- What to produce -
Give back the lines of the records exactly, starting at the first and ending at the one with "obtain a where".

>>>

lemma line_preserving_map_cases:
  fixes \<sigma> :: "'a \<times> 'b \<Rightarrow> 'c \<times> 'd"
  assumes inj: "inj_on \<sigma> (A \<times> B)"
    and lines: "\<And>u v. u \<in> A \<times> B \<Longrightarrow> v \<in> A \<times> B \<Longrightarrow> same_line (\<sigma> u) (\<sigma> v) \<longleftrightarrow> same_line u v"
    and A: "2 \<le> card A" and B: "2 \<le> card B"
  obtains (product) \<alpha> \<beta> where "\<And>a b. a \<in> A \<Longrightarrow> b \<in> B \<Longrightarrow> \<sigma> (a, b) = (\<alpha> a, \<beta> b)"
    | (swap) \<beta> \<alpha> where "\<And>a b. a \<in> A \<Longrightarrow> b \<in> B \<Longrightarrow> \<sigma> (a, b) = (\<beta> b, \<alpha> a)"
proof -
  obtain a\<^sub>0 b\<^sub>0 where a\<^sub>0: "a\<^sub>0 \<in> A" and b\<^sub>0: "b\<^sub>0 \<in> B"
    using A B by (metis all_not_in_conv card.empty not_numeral_le_zero)
  define row_fst where "row_fst a \<longleftrightarrow> (\<forall>b\<in>B. fst (\<sigma> (a, b)) = fst (\<sigma> (a, b\<^sub>0)))" for a
  define row_snd where "row_snd a \<longleftrightarrow> (\<forall>b\<in>B. snd (\<sigma> (a, b)) = snd (\<sigma> (a, b\<^sub>0)))" for a
  define col_fst where "col_fst b \<longleftrightarrow> (\<forall>a\<in>A. fst (\<sigma> (a, b)) = fst (\<sigma> (a\<^sub>0, b)))" for b
  define col_snd where "col_snd b \<longleftrightarrow> (\<forall>a\<in>A. snd (\<sigma> (a, b)) = snd (\<sigma> (a\<^sub>0, b)))" for b
  have row: "row_fst a \<or> row_snd a" if a: "a \<in> A" for a
  proof -
    obtain b where b: "b \<in> B" "b \<noteq> b\<^sub>0" using ex_other_in_card_ge_2[OF B b\<^sub>0] by blast
    have "\<forall>r\<in>\<sigma> ` ({a} \<times> B). \<forall>s\<in>\<sigma> ` ({a} \<times> B). same_line r s"
      using a lines by (auto simp: same_line_def)
    moreover have "\<sigma> (a, b\<^sub>0) \<noteq> \<sigma> (a, b)" using inj a b b\<^sub>0 by (auto dest: inj_onD)
    ultimately show ?thesis
      using same_line_clique_on_line[of "\<sigma> ` ({a} \<times> B)"] b b\<^sub>0
      unfolding row_fst_def row_snd_def by blast
  qed
  have col: "col_fst b \<or> col_snd b" if b: "b \<in> B" for b
  proof -
    obtain a where a: "a \<in> A" "a \<noteq> a\<^sub>0" using ex_other_in_card_ge_2[OF A a\<^sub>0] by blast
    have "\<forall>r\<in>\<sigma> ` (A \<times> {b}). \<forall>s\<in>\<sigma> ` (A \<times> {b}). same_line r s"
      using b lines by (auto simp: same_line_def)
    moreover have "\<sigma> (a\<^sub>0, b) \<noteq> \<sigma> (a, b)" using inj a b a\<^sub>0 by (auto dest: inj_onD)
    ultimately show ?thesis
      using same_line_clique_on_line[of "\<sigma> ` (A \<times> {b})"] a a\<^sub>0
      unfolding col_fst_def col_snd_def by blast
  qed
  have opposite: "\<not> (row_fst a \<and> col_fst b) \<and> \<not> (row_snd a \<and> col_snd b)"
    if a: "a \<in> A" and b: "b \<in> B" for a b
  proof -
    obtain a' where a': "a' \<in> A" "a' \<noteq> a" using ex_other_in_card_ge_2[OF A a] by blast
    obtain b' where b': "b' \<in> B" "b' \<noteq> b" using ex_other_in_card_ge_2[OF B b] by blast
    have "\<not> same_line (\<sigma> (a, b')) (\<sigma> (a', b))"
      using lines a b a' b' by (simp add: same_line_def)
    then show ?thesis
      using a b a' b' unfolding row_fst_def row_snd_def col_fst_def col_snd_def same_line_def
      by metis
  qed
  show thesis
  proof (cases "row_fst a\<^sub>0")
    case True
    then have "col_snd b" if "b \<in> B" for b using opposite col a\<^sub>0 that by blast
    then have "row_fst a" if "a \<in> A" for a using opposite row b\<^sub>0 that by blast
    then show thesis
      using \<open>\<And>b. b \<in> B \<Longrightarrow> col_snd b\<close>
      by (intro product[of "\<lambda>a. fst (\<sigma> (a, b\<^sub>0))" "\<lambda>b. snd (\<sigma> (a\<^sub>0, b))"])
        (simp add: row_fst_def col_snd_def prod_eq_iff)
  next
    case False
    then have "col_fst b" if "b \<in> B" for b using opposite row col a\<^sub>0 that by blast
    then have "row_snd a" if "a \<in> A" for a using opposite row b\<^sub>0 that by blast
    then show thesis
      using \<open>\<And>b. b \<in> B \<Longrightarrow> col_fst b\<close>
      by (intro swap[of "\<lambda>b. fst (\<sigma> (a\<^sub>0, b))" "\<lambda>a. snd (\<sigma> (a, b\<^sub>0))"])
        (simp add: row_snd_def col_fst_def prod_eq_iff)
  qed
qed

<<<

- Output for this task -
lemma line_preserving_map_cases:
  fixes \<sigma> :: "'a \<times> 'b \<Rightarrow> 'c \<times> 'd"
  assumes inj: "inj_on \<sigma> (A \<times> B)"
    and lines: "\<And>u v. u \<in> A \<times> B \<Longrightarrow> v \<in> A \<times> B \<Longrightarrow> same_line (\<sigma> u) (\<sigma> v) \<longleftrightarrow> same_line u v"
    and A: "2 \<le> card A" and B: "2 \<le> card B"
  obtains (product) \<alpha> \<beta> where "\<And>a b. a \<in> A \<Longrightarrow> b \<in> B \<Longrightarrow> \<sigma> (a, b) = (\<alpha> a, \<beta> b)"
    | (swap) \<beta> \<alpha> where "\<And>a b. a \<in> A \<Longrightarrow> b \<in> B \<Longrightarrow> \<sigma> (a, b) = (\<beta> b, \<alpha> a)"
proof -
  obtain a\<^sub>0 b\<^sub>0 where a\<^sub>0: "a\<^sub>0 \<in> A" and b\<^sub>0: "b\<^sub>0 \<in> B"
    using A B by (metis all_not_in_conv card.empty not_numeral_le_zero)
  define row_fst where "row_fst a \<longleftrightarrow> (\<forall>b\<in>B. fst (\<sigma> (a, b)) = fst (\<sigma> (a, b\<^sub>0)))" for a
  define row_snd where "row_snd a \<longleftrightarrow> (\<forall>b\<in>B. snd (\<sigma> (a, b)) = snd (\<sigma> (a, b\<^sub>0)))" for a
  define col_fst where "col_fst b \<longleftrightarrow> (\<forall>a\<in>A. fst (\<sigma> (a, b)) = fst (\<sigma> (a\<^sub>0, b)))" for b
  define col_snd where "col_snd b \<longleftrightarrow> (\<forall>a\<in>A. snd (\<sigma> (a, b)) = snd (\<sigma> (a\<^sub>0, b)))" for b
  have row: "row_fst a \<or> row_snd a" if a: "a \<in> A" for a
  proof -
    obtain b where b: "b \<in> B" "b \<noteq> b\<^sub>0" using ex_other_in_card_ge_2[OF B b\<^sub>0] by blast
    have "\<forall>r\<in>\<sigma> ` ({a} \<times> B). \<forall>s\<in>\<sigma> ` ({a} \<times> B). same_line r s"
      using a lines by (auto simp: same_line_def)
    moreover have "\<sigma> (a, b\<^sub>0) \<noteq> \<sigma> (a, b)" using inj a b b\<^sub>0 by (auto dest: inj_onD)
    ultimately show ?thesis
      using same_line_clique_on_line[of "\<sigma> ` ({a} \<times> B)"] b b\<^sub>0
      unfolding row_fst_def row_snd_def by blast
  qed
  have col: "col_fst b \<or> col_snd b" if b: "b \<in> B" for b
  proof -
    obtain a where a: "a \<in> A" "a \<noteq> a\<^sub>0" using ex_other_in_card_ge_2[OF A a\<^sub>0] by blast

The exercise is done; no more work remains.